▸ **Task objective**
The number needed is how many lines in these entries contain "induction"; give it alone.

****************

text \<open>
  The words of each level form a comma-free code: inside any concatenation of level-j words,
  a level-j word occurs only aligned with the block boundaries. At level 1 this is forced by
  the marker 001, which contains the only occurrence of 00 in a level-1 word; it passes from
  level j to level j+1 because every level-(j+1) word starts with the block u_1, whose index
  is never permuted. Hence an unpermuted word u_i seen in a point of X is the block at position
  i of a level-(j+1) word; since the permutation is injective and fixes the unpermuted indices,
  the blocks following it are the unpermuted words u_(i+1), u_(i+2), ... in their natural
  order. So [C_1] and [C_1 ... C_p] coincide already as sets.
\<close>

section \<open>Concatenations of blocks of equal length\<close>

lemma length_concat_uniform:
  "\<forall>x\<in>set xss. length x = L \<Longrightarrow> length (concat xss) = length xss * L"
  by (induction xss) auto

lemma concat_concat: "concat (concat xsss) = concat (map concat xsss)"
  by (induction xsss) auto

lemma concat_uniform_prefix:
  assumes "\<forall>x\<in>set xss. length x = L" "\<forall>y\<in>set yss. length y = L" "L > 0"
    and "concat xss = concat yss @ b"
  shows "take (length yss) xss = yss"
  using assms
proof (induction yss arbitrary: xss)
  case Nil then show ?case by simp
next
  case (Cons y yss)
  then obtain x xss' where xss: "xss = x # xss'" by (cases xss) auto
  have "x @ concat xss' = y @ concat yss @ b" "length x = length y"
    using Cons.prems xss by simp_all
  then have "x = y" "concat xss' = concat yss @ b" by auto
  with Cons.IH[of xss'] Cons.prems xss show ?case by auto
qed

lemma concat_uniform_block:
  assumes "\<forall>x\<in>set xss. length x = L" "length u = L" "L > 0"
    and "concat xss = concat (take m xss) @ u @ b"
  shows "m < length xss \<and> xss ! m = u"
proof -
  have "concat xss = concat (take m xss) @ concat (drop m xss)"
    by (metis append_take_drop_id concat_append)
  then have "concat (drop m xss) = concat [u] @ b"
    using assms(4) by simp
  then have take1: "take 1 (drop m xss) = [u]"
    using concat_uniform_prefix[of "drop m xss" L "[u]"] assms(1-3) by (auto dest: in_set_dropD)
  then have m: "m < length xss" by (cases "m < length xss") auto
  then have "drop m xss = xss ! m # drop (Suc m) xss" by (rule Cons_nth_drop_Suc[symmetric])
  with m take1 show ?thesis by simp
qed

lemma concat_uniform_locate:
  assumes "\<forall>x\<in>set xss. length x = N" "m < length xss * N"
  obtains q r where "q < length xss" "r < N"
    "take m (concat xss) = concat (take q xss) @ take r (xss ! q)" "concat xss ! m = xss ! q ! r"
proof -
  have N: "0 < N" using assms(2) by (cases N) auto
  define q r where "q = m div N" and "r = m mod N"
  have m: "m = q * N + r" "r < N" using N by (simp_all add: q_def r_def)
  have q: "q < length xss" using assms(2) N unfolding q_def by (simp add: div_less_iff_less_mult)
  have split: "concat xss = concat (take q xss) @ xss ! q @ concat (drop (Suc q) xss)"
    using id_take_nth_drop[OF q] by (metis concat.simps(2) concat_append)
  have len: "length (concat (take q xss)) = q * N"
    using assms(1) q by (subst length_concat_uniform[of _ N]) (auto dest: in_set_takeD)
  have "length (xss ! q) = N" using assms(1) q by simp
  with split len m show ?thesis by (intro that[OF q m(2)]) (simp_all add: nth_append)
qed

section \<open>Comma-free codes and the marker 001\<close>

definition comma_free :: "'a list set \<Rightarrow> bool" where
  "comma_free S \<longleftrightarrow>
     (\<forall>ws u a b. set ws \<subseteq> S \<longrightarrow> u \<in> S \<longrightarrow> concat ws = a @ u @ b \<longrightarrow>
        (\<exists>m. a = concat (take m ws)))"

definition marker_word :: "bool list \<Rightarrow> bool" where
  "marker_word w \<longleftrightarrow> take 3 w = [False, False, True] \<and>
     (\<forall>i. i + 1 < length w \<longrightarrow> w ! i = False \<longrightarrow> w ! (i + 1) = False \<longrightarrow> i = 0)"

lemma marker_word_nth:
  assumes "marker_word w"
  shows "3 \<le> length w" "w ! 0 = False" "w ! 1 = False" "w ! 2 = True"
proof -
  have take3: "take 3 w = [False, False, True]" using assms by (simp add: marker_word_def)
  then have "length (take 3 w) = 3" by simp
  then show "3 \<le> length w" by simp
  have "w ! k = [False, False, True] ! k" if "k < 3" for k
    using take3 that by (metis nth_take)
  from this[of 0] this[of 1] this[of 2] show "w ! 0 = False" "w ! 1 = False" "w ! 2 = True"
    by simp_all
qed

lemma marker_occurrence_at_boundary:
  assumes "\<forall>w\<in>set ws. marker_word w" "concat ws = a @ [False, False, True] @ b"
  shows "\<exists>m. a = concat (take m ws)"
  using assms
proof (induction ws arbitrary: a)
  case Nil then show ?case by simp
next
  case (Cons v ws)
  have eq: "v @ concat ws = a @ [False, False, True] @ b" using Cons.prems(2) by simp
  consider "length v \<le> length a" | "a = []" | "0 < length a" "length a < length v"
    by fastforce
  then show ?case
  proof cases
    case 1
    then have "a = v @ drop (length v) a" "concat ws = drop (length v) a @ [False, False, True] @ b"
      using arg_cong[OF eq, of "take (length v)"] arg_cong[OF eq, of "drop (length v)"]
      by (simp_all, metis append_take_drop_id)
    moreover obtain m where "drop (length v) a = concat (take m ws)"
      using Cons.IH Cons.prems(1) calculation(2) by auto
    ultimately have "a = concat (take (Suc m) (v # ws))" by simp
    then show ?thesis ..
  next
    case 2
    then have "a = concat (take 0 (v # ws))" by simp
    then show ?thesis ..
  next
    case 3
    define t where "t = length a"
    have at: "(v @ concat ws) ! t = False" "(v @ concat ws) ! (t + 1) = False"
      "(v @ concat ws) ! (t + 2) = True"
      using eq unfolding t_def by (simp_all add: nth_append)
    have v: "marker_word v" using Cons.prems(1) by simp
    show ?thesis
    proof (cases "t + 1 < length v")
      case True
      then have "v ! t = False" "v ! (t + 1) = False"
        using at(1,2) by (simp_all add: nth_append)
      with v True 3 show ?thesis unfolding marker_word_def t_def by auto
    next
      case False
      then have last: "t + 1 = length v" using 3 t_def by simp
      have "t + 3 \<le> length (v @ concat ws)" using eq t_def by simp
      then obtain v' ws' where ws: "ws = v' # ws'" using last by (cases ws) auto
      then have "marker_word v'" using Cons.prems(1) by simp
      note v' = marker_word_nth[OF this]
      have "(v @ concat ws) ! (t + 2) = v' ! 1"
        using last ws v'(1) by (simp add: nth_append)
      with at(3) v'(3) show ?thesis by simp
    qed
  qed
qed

****************

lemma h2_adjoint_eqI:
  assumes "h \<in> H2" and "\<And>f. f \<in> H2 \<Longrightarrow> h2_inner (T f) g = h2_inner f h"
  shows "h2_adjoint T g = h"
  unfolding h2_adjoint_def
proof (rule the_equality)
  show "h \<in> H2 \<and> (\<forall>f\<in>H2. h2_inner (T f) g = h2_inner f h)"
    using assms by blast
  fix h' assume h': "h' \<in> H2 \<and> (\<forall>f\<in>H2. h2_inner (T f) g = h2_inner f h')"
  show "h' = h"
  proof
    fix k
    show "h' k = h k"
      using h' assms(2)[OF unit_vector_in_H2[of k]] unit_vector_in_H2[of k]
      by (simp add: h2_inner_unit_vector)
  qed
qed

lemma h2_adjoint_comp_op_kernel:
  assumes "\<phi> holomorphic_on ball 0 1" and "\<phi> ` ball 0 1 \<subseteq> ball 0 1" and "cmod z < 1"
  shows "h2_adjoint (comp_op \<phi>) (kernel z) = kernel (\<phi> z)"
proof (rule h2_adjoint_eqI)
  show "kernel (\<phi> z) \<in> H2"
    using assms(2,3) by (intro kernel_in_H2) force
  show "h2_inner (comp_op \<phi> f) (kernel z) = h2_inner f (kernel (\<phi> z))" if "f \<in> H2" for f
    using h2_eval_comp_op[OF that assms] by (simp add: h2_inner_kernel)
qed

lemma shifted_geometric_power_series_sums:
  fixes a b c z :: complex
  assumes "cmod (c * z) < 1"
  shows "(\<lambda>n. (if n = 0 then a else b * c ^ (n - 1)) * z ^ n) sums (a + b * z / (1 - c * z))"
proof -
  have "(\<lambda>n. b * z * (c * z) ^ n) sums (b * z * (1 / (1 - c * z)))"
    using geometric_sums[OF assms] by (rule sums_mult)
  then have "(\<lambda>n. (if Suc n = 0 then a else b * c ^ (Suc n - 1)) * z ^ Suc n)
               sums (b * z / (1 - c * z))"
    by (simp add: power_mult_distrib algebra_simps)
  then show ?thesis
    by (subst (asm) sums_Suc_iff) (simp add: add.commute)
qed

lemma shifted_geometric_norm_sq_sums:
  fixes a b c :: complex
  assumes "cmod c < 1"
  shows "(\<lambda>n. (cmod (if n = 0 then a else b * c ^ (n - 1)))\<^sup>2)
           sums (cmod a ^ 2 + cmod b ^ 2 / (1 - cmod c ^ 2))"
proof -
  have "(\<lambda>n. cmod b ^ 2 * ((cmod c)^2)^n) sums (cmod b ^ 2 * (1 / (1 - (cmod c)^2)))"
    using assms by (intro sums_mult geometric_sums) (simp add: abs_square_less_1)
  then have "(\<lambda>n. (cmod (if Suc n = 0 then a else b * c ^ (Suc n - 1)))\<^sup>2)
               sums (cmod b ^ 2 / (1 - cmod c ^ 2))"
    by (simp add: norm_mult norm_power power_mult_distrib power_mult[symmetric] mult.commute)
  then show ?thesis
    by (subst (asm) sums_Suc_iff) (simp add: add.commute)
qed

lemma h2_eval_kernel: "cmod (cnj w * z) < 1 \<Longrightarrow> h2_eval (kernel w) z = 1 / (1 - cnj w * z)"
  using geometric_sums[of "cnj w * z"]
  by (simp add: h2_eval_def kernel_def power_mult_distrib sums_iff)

****************

▸ **Task solution**
4